- Opening Delimiter -

lemma edge_code_high_inj:
  assumes jl: "(j, l) \<in> edge_index ns" "2 \<le> j" and jl': "(j', l') \<in> edge_index ns" "2 \<le> j'"
    and e: "edge_code ns j l = edge_code ns j' l'"
  shows "j = j' \<and> l = l'"
proof -
  have "j = j'"
  proof (rule ccontr)
    assume "j \<noteq> j'"
    then have "Suc j \<le> j' \<or> Suc j' \<le> j" by linarith
    then show False
      using edge_code_high_bounds[OF jl] edge_code_high_bounds[OF jl'] dir_edge_offset_mono[of "Suc j" j' ns]
        dir_edge_offset_mono[of "Suc j'" j ns] e by auto
  qed
  moreover have "vertex_label (ns[j := ns ! j - 1]) l = vertex_label (ns[j := ns ! j - 1]) l'"
    using e \<open>j = j'\<close> jl(2) ns_eq by (simp add: edge_code_def)
  moreover have "l \<in> grid_vertices (n0 # n1 # R[j - 2 := R ! (j - 2) - 1])"
    "l' \<in> grid_vertices (n0 # n1 # R[j - 2 := R ! (j - 2) - 1])"
    using jl jl' \<open>j = j'\<close> list_update_pred_high[OF jl(2)] by (auto simp: edge_index_def)
  ultimately show ?thesis using vertex_label_less_inj list_update_pred_high[OF jl(2)] by metis
qed

lemma edge_code_inj:
  assumes jl: "(j, l) \<in> edge_index ns" and jl': "(j', l') \<in> edge_index ns"
    and e: "edge_code ns j l = edge_code ns j' l'"
  shows "j = j' \<and> l = l'"
proof (cases "j \<le> 1 \<and> j' \<le> 1")
  case True
  let ?K = "plane_edge_count n0 n1"
  have b: "plane_edge_code ns j l < ?K" "plane_edge_code ns j' l' < ?K"
    using plane_edge_code_less jl jl' True by blast+
  have "plane_edge_high ns j l * ?K + plane_edge_code ns j l = plane_edge_high ns j' l' * ?K + plane_edge_code ns j' l'"
    using e True ns_eq by (simp add: edge_code_def algebra_simps)
  from mult_add_eq_imp_eq[OF b this] show ?thesis
    using plane_edge_code_inj jl jl' True by blast
next
  case False
  note low = edge_code_plane_less and high = edge_code_high_bounds
  consider "j \<le> 1" "2 \<le> j'" | "2 \<le> j" "j' \<le> 1" | "2 \<le> j" "2 \<le> j'" using False by linarith
  then show ?thesis
  proof cases
    case 1
    then show ?thesis using low[OF jl] high[OF jl'] e by fastforce
  next
    case 2
    then show ?thesis using low[OF jl'] high[OF jl] e by fastforce
  next
    case 3
    then show ?thesis using edge_code_high_inj jl jl' e by blast
  qed
qed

- Closing Delimiter -

In how many lines of the data does the string "close" appear? Give only the number.

# RESULT OF THIS EXERCISE
2